Source records START

lemma analytic_rhs_differentiable:
  assumes "analytic_rhs Fj"
  shows "(\<lambda>b. Fj x m b u v) differentiable (at b0)"
proof -
  define y0 where "y0 = (\<lambda>a. case a of AX \<Rightarrow> x | AB \<Rightarrow> b0 | AU l \<Rightarrow> u l | AV l \<Rightarrow> v l)"
  have "real_analytic_at (\<lambda>y. Fj (y AX) m (y AB) (\<lambda>l. y (AU l)) (\<lambda>l. y (AV l))) y0"
    using assms unfolding analytic_rhs_def by blast
  from real_analytic_at_line_differentiable[OF this, of AB] show ?thesis
    by (simp add: y0_def)
qed

lemma dep_subsetI:
  assumes "\<And>p q. (\<And>v. v \<in> A \<Longrightarrow> p v = q v) \<Longrightarrow> f p = f q"
  shows "dep f \<subseteq> A"
proof
  fix v
  assume "v \<in> dep f"
  then obtain p t where "f (p(v := t)) \<noteq> f p"
    unfolding dep_def by blast
  then show "v \<in> A"
    using assms[of "p(v := t)" p] by fastforce
qed

lemma pd_notin_dep: "v \<notin> dep f \<Longrightarrow> pd f v p = 0"
  by (simp add: dep_def pd_def)

lemma dep_coord: "dep (\<lambda>p. p w) = {w}"
  unfolding dep_def by (auto intro!: exI[of _ "\<lambda>_. 0"] exI[of _ 1])

lemma pd_coord: "pd (\<lambda>p. p w) v = (\<lambda>p. if v = w then 1 else 0)"
  by (auto simp: pd_def)

lemma pd_const: "pd (\<lambda>p. c) v = (\<lambda>p. 0)"
  by (simp add: fun_eq_iff pd_def)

Source records END

### What you have to do
All of the data, start to finish: please output it exactly.

### Solution
lemma analytic_rhs_differentiable:
  assumes "analytic_rhs Fj"
  shows "(\<lambda>b. Fj x m b u v) differentiable (at b0)"
proof -
  define y0 where "y0 = (\<lambda>a. case a of AX \<Rightarrow> x | AB \<Rightarrow> b0 | AU l \<Rightarrow> u l | AV l \<Rightarrow> v l)"
  have "real_analytic_at (\<lambda>y. Fj (y AX) m (y AB) (\<lambda>l. y (AU l)) (\<lambda>l. y (AV l))) y0"
    using assms unfolding analytic_rhs_def by blast
  from real_analytic_at_line_differentiable[OF this, of AB] show ?thesis
    by (simp add: y0_def)
qed

lemma dep_subsetI:
  assumes "\<And>p q. (\<And>v. v \<in> A \<Longrightarrow> p v = q v) \<Longrightarrow> f p = f q"
  shows "dep f \<subseteq> A"
proof
  fix v
  assume "v \<in> dep f"
  then obtain p t where "f (p(v := t)) \<noteq> f p"
    unfolding dep_def by blast
  then show "v \<in> A"
    using assms[of "p(v := t)" p] by fastforce
qed

lemma pd_notin_dep: "v \<notin> dep f \<Longrightarrow> pd f v p = 0"
  by (simp add: dep_def pd_def)

lemma dep_coord: "dep (\<lambda>p. p w) = {w}"
  unfolding dep_def by (auto intro!: exI[of _ "\<lambda>_. 0"] exI[of _ 1])

lemma pd_coord: "pd (\<lambda>p. p w) v = (\<lambda>p. if v = w then 1 else 0)"
  by (auto simp: pd_def)

lemma pd_const: "pd (\<lambda>p. c) v = (\<lambda>p. 0)"
  by (simp add: fun_eq_iff pd_def)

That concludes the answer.